Input START

lemma indep_vars_pair_PiM_coordinates:
  fixes A :: "'i \<Rightarrow> 'a measure" and B :: "'j \<Rightarrow> 'a measure"
  assumes "finite I" "finite J" "I <+> J \<noteq> {}"
    and A: "\<And>i. prob_space (A i)" and B: "\<And>j. prob_space (B j)"
  shows "prob_space.indep_vars (Pi\<^sub>M I A \<Otimes>\<^sub>M Pi\<^sub>M J B) (case_sum A B)
      (\<lambda>k \<omega>. case_sum (fst \<omega>) (snd \<omega>) k) (I <+> J)"
    and "k \<in> I <+> J \<Longrightarrow>
      distr (Pi\<^sub>M I A \<Otimes>\<^sub>M Pi\<^sub>M J B) (case_sum A B k) (\<lambda>\<omega>. case_sum (fst \<omega>) (snd \<omega>) k) = case_sum A B k"
proof -
  let ?P = "Pi\<^sub>M I A \<Otimes>\<^sub>M Pi\<^sub>M J B" and ?Q = "Pi\<^sub>M (I <+> J) (case_sum A B)"
  let ?f = "\<lambda>\<omega>. \<lambda>k \<in> I <+> J. case_sum (fst \<omega>) (snd \<omega>) k"
  interpret A: product_prob_space A I using A by (intro product_prob_spaceI)
  interpret B: product_prob_space B J using B by (intro product_prob_spaceI)
  interpret pair_prob_space "Pi\<^sub>M I A" "Pi\<^sub>M J B" ..
  have f: "?f \<in> measurable ?P ?Q"
    by (intro measurable_restrict measurable_case_sum_coordinate)
  have marginal: "distr ?P (case_sum A B k) (\<lambda>\<omega>. case_sum (fst \<omega>) (snd \<omega>) k) = case_sum A B k"
    if k: "k \<in> I <+> J" for k
  proof -
    have "distr ?P (case_sum A B k) (\<lambda>\<omega>. case_sum (fst \<omega>) (snd \<omega>) k) = distr (distr ?P ?Q ?f) (case_sum A B k) (\<lambda>x. x k)"
      using f k by (subst distr_distr) (auto intro!: distr_cong)
    also have "\<dots> = case_sum A B k"
      unfolding distr_pair_PiM_coordinates[OF assms(1,2) A B]
      using k A B by (intro distr_PiM_component) (simp_all split: sum.split)
    finally show ?thesis .
  qed
  then show "k \<in> I <+> J \<Longrightarrow> distr ?P (case_sum A B k) (\<lambda>\<omega>. case_sum (fst \<omega>) (snd \<omega>) k) = case_sum A B k" .
  show "indep_vars (case_sum A B) (\<lambda>k \<omega>. case_sum (fst \<omega>) (snd \<omega>) k) (I <+> J)"
    using measurable_case_sum_coordinate assms(3)
    by (subst indep_vars_iff_distr_eq_PiM')
       (simp_all add: marginal distr_pair_PiM_coordinates[OF assms(1,2) A B] cong: PiM_cong)
qed

lemma prob_space_sampler_space: "prob_space (sampler_space n m)"
  unfolding sampler_space_def
  by (intro prob_space_pair prob_space_PiM prob_space_uniform_measure prob_space_exponential_density) auto

lemma measurable_sampler_space_fst [measurable]:
  "(\<lambda>\<omega>. fst \<omega> u) \<in> borel_measurable (sampler_space n m)"
proof (cases "u < n")
  case False
  then have "fst \<omega> u = undefined" if "\<omega> \<in> space (sampler_space n m)" for \<omega>
    using that by (auto simp: sampler_space_def space_pair_measure space_PiM PiE_def extensional_def)
  then show ?thesis by (simp cong: measurable_cong)
qed (simp add: sampler_space_def)

lemma measurable_sampler_space_snd [measurable]:
  "(\<lambda>\<omega>. snd \<omega> i) \<in> borel_measurable (sampler_space n m)"
proof (cases "i < m")
  case False
  then have "snd \<omega> i = undefined" if "\<omega> \<in> space (sampler_space n m)" for \<omega>
    using that by (auto simp: sampler_space_def space_pair_measure space_PiM PiE_def extensional_def)
  then show ?thesis by (simp cong: measurable_cong)
qed (simp add: sampler_space_def)

lemma sampler_space_coordinates:
  assumes "0 < n"
  shows "prob_space.indep_vars (sampler_space n m) (\<lambda>_. borel)
      (\<lambda>k \<omega>. case_sum (fst \<omega>) (snd \<omega>) k) ({..<n} <+> {..<m})"
    and "u < n \<Longrightarrow> distr (sampler_space n m) borel (\<lambda>\<omega>. fst \<omega> u) = uniform_measure lborel {0..1}"
    and "i < m \<Longrightarrow> distributed (sampler_space n m) lborel (\<lambda>\<omega>. snd \<omega> i) (exponential_density 1)"
proof -
  let ?U = "\<lambda>_ :: nat. uniform_measure lborel {0..1 :: real}"
  let ?E = "\<lambda>_ :: nat. density lborel (exponential_density 1)"
  have U: "prob_space (?U u)" for u by (intro prob_space_uniform_measure) auto
  have E: "prob_space (?E i)" for i by (intro prob_space_exponential_density) simp
  have "{..<n} <+> {..<m} \<noteq> {}" using \<open>0 < n\<close> by auto
  note coordinates = indep_vars_pair_PiM_coordinates[OF finite_lessThan finite_lessThan this U E]
  interpret prob_space "sampler_space n m" by (rule prob_space_sampler_space)
  have "indep_vars (\<lambda>_. borel) (\<lambda>k \<omega>. id (case_sum (fst \<omega>) (snd \<omega>) k)) ({..<n} <+> {..<m})"
    using coordinates(1)
    by (intro indep_vars_compose2[where N="\<lambda>_. borel"]) (auto simp: sampler_space_def split: sum.split)
  then show "indep_vars (\<lambda>_. borel) (\<lambda>k \<omega>. case_sum (fst \<omega>) (snd \<omega>) k) ({..<n} <+> {..<m})"
    by simp
  show "distr (sampler_space n m) borel (\<lambda>\<omega>. fst \<omega> u) = uniform_measure lborel {0..1}" if "u < n"
    using coordinates(2)[of "Inl u"] that by (auto simp: sampler_space_def cong: distr_cong)
  show "distributed (sampler_space n m) lborel (\<lambda>\<omega>. snd \<omega> i) (exponential_density 1)" if "i < m"
    using coordinates(2)[of "Inr i"] that
    by (auto simp: distributed_def sampler_space_def exponential_density_def cong: distr_cong)
qed

locale levy_sampler =
  fixes G :: "real \<Rightarrow> real" and N :: "'w measure" and X :: "real \<Rightarrow> 'w \<Rightarrow> ennreal"
    and n :: nat and us :: "(nat \<times> real) list"
  assumes laplace: "has_laplace_exponent N X G"
    and updates: "\<And>u. u \<in> set us \<Longrightarrow> fst u < n \<and> 0 < snd u"
    and n_pos: "0 < n"
    and G_zero: "G 0 = 0"
begin

abbreviation \<Omega> :: "((nat \<Rightarrow> real) \<times> (nat \<Rightarrow> real)) measure" where
  "\<Omega> \<equiv> sampler_space n (length us)"

sublocale prob_space \<Omega> by (rule prob_space_sampler_space)

definition clock :: "nat \<Rightarrow> (nat \<Rightarrow> real) \<times> (nat \<Rightarrow> real) \<Rightarrow> ennreal" where
  "clock v \<omega> = key_level (levy_level N X) (fst \<omega>) (snd \<omega>) us v"

definition arrival :: "nat \<Rightarrow> (nat \<Rightarrow> real) \<times> (nat \<Rightarrow> real) \<Rightarrow> real" where
  "arrival v \<omega> = Min ((\<lambda>i. snd \<omega> i / snd (us ! i)) ` updates_to us v)"

lemma valid_update_nth: "i < length us \<Longrightarrow> fst (us ! i) < n \<and> 0 < snd (us ! i)"
  using updates nth_mem by blast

Input END

The data above is to be given again, with every line exact.

lemma indep_vars_pair_PiM_coordinates:
  fixes A :: "'i \<Rightarrow> 'a measure" and B :: "'j \<Rightarrow> 'a measure"
  assumes "finite I" "finite J" "I <+> J \<noteq> {}"
    and A: "\<And>i. prob_space (A i)" and B: "\<And>j. prob_space (B j)"
  shows "prob_space.indep_vars (Pi\<^sub>M I A \<Otimes>\<^sub>M Pi\<^sub>M J B) (case_sum A B)
      (\<lambda>k \<omega>. case_sum (fst \<omega>) (snd \<omega>) k) (I <+> J)"
    and "k \<in> I <+> J \<Longrightarrow>
      distr (Pi\<^sub>M I A \<Otimes>\<^sub>M Pi\<^sub>M J B) (case_sum A B k) (\<lambda>\<omega>. case_sum (fst \<omega>) (snd \<omega>) k) = case_sum A B k"
proof -
  let ?P = "Pi\<^sub>M I A \<Otimes>\<^sub>M Pi\<^sub>M J B" and ?Q = "Pi\<^sub>M (I <+> J) (case_sum A B)"
  let ?f = "\<lambda>\<omega>. \<lambda>k \<in> I <+> J. case_sum (fst \<omega>) (snd \<omega>) k"
  interpret A: product_prob_space A I using A by (intro product_prob_spaceI)
  interpret B: product_prob_space B J using B by (intro product_prob_spaceI)
  interpret pair_prob_space "Pi\<^sub>M I A" "Pi\<^sub>M J B" ..
  have f: "?f \<in> measurable ?P ?Q"
    by (intro measurable_restrict measurable_case_sum_coordinate)
  have marginal: "distr ?P (case_sum A B k) (\<lambda>\<omega>. case_sum (fst \<omega>) (snd \<omega>) k) = case_sum A B k"
    if k: "k \<in> I <+> J" for k
  proof -
    have "distr ?P (case_sum A B k) (\<lambda>\<omega>. case_sum (fst \<omega>) (snd \<omega>) k) = distr (distr ?P ?Q ?f) (case_sum A B k) (\<lambda>x. x k)"
      using f k by (subst distr_distr) (auto intro!: distr_cong)
    also have "\<dots> = case_sum A B k"
      unfolding distr_pair_PiM_coordinates[OF assms(1,2) A B]
      using k A B by (intro distr_PiM_component) (simp_all split: sum.split)
    finally show ?thesis .
  qed
  then show "k \<in> I <+> J \<Longrightarrow> distr ?P (case_sum A B k) (\<lambda>\<omega>. case_sum (fst \<omega>) (snd \<omega>) k) = case_sum A B k" .
  show "indep_vars (case_sum A B) (\<lambda>k \<omega>. case_sum (fst \<omega>) (snd \<omega>) k) (I <+> J)"
    using measurable_case_sum_coordinate assms(3)
    by (subst indep_vars_iff_distr_eq_PiM')
       (simp_all add: marginal distr_pair_PiM_coordinates[OF assms(1,2) A B] cong: PiM_cong)
qed

lemma prob_space_sampler_space: "prob_space (sampler_space n m)"
  unfolding sampler_space_def
  by (intro prob_space_pair prob_space_PiM prob_space_uniform_measure prob_space_exponential_density) auto

lemma measurable_sampler_space_fst [measurable]:
  "(\<lambda>\<omega>. fst \<omega> u) \<in> borel_measurable (sampler_space n m)"
proof (cases "u < n")
  case False
  then have "fst \<omega> u = undefined" if "\<omega> \<in> space (sampler_space n m)" for \<omega>
    using that by (auto simp: sampler_space_def space_pair_measure space_PiM PiE_def extensional_def)
  then show ?thesis by (simp cong: measurable_cong)
qed (simp add: sampler_space_def)

lemma measurable_sampler_space_snd [measurable]:
  "(\<lambda>\<omega>. snd \<omega> i) \<in> borel_measurable (sampler_space n m)"
proof (cases "i < m")
  case False
  then have "snd \<omega> i = undefined" if "\<omega> \<in> space (sampler_space n m)" for \<omega>
    using that by (auto simp: sampler_space_def space_pair_measure space_PiM PiE_def extensional_def)
  then show ?thesis by (simp cong: measurable_cong)
qed (simp add: sampler_space_def)

lemma sampler_space_coordinates:
  assumes "0 < n"
  shows "prob_space.indep_vars (sampler_space n m) (\<lambda>_. borel)
      (\<lambda>k \<omega>. case_sum (fst \<omega>) (snd \<omega>) k) ({..<n} <+> {..<m})"
    and "u < n \<Longrightarrow> distr (sampler_space n m) borel (\<lambda>\<omega>. fst \<omega> u) = uniform_measure lborel {0..1}"
    and "i < m \<Longrightarrow> distributed (sampler_space n m) lborel (\<lambda>\<omega>. snd \<omega> i) (exponential_density 1)"
proof -
  let ?U = "\<lambda>_ :: nat. uniform_measure lborel {0..1 :: real}"
  let ?E = "\<lambda>_ :: nat. density lborel (exponential_density 1)"
  have U: "prob_space (?U u)" for u by (intro prob_space_uniform_measure) auto
  have E: "prob_space (?E i)" for i by (intro prob_space_exponential_density) simp
  have "{..<n} <+> {..<m} \<noteq> {}" using \<open>0 < n\<close> by auto
  note coordinates = indep_vars_pair_PiM_coordinates[OF finite_lessThan finite_lessThan this U E]
  interpret prob_space "sampler_space n m" by (rule prob_space_sampler_space)
  have "indep_vars (\<lambda>_. borel) (\<lambda>k \<omega>. id (case_sum (fst \<omega>) (snd \<omega>) k)) ({..<n} <+> {..<m})"
    using coordinates(1)
    by (intro indep_vars_compose2[where N="\<lambda>_. borel"]) (auto simp: sampler_space_def split: sum.split)
  then show "indep_vars (\<lambda>_. borel) (\<lambda>k \<omega>. case_sum (fst \<omega>) (snd \<omega>) k) ({..<n} <+> {..<m})"
    by simp
  show "distr (sampler_space n m) borel (\<lambda>\<omega>. fst \<omega> u) = uniform_measure lborel {0..1}" if "u < n"
    using coordinates(2)[of "Inl u"] that by (auto simp: sampler_space_def cong: distr_cong)
  show "distributed (sampler_space n m) lborel (\<lambda>\<omega>. snd \<omega> i) (exponential_density 1)" if "i < m"
    using coordinates(2)[of "Inr i"] that
    by (auto simp: distributed_def sampler_space_def exponential_density_def cong: distr_cong)
qed

locale levy_sampler =
  fixes G :: "real \<Rightarrow> real" and N :: "'w measure" and X :: "real \<Rightarrow> 'w \<Rightarrow> ennreal"
    and n :: nat and us :: "(nat \<times> real) list"
  assumes laplace: "has_laplace_exponent N X G"
    and updates: "\<And>u. u \<in> set us \<Longrightarrow> fst u < n \<and> 0 < snd u"
    and n_pos: "0 < n"
    and G_zero: "G 0 = 0"
begin

abbreviation \<Omega> :: "((nat \<Rightarrow> real) \<times> (nat \<Rightarrow> real)) measure" where
  "\<Omega> \<equiv> sampler_space n (length us)"

sublocale prob_space \<Omega> by (rule prob_space_sampler_space)

definition clock :: "nat \<Rightarrow> (nat \<Rightarrow> real) \<times> (nat \<Rightarrow> real) \<Rightarrow> ennreal" where
  "clock v \<omega> = key_level (levy_level N X) (fst \<omega>) (snd \<omega>) us v"

definition arrival :: "nat \<Rightarrow> (nat \<Rightarrow> real) \<times> (nat \<Rightarrow> real) \<Rightarrow> real" where
  "arrival v \<omega> = Min ((\<lambda>i. snd \<omega> i / snd (us ! i)) ` updates_to us v)"

lemma valid_update_nth: "i < length us \<Longrightarrow> fst (us ! i) < n \<and> 0 < snd (us ! i)"
  using updates nth_mem by blast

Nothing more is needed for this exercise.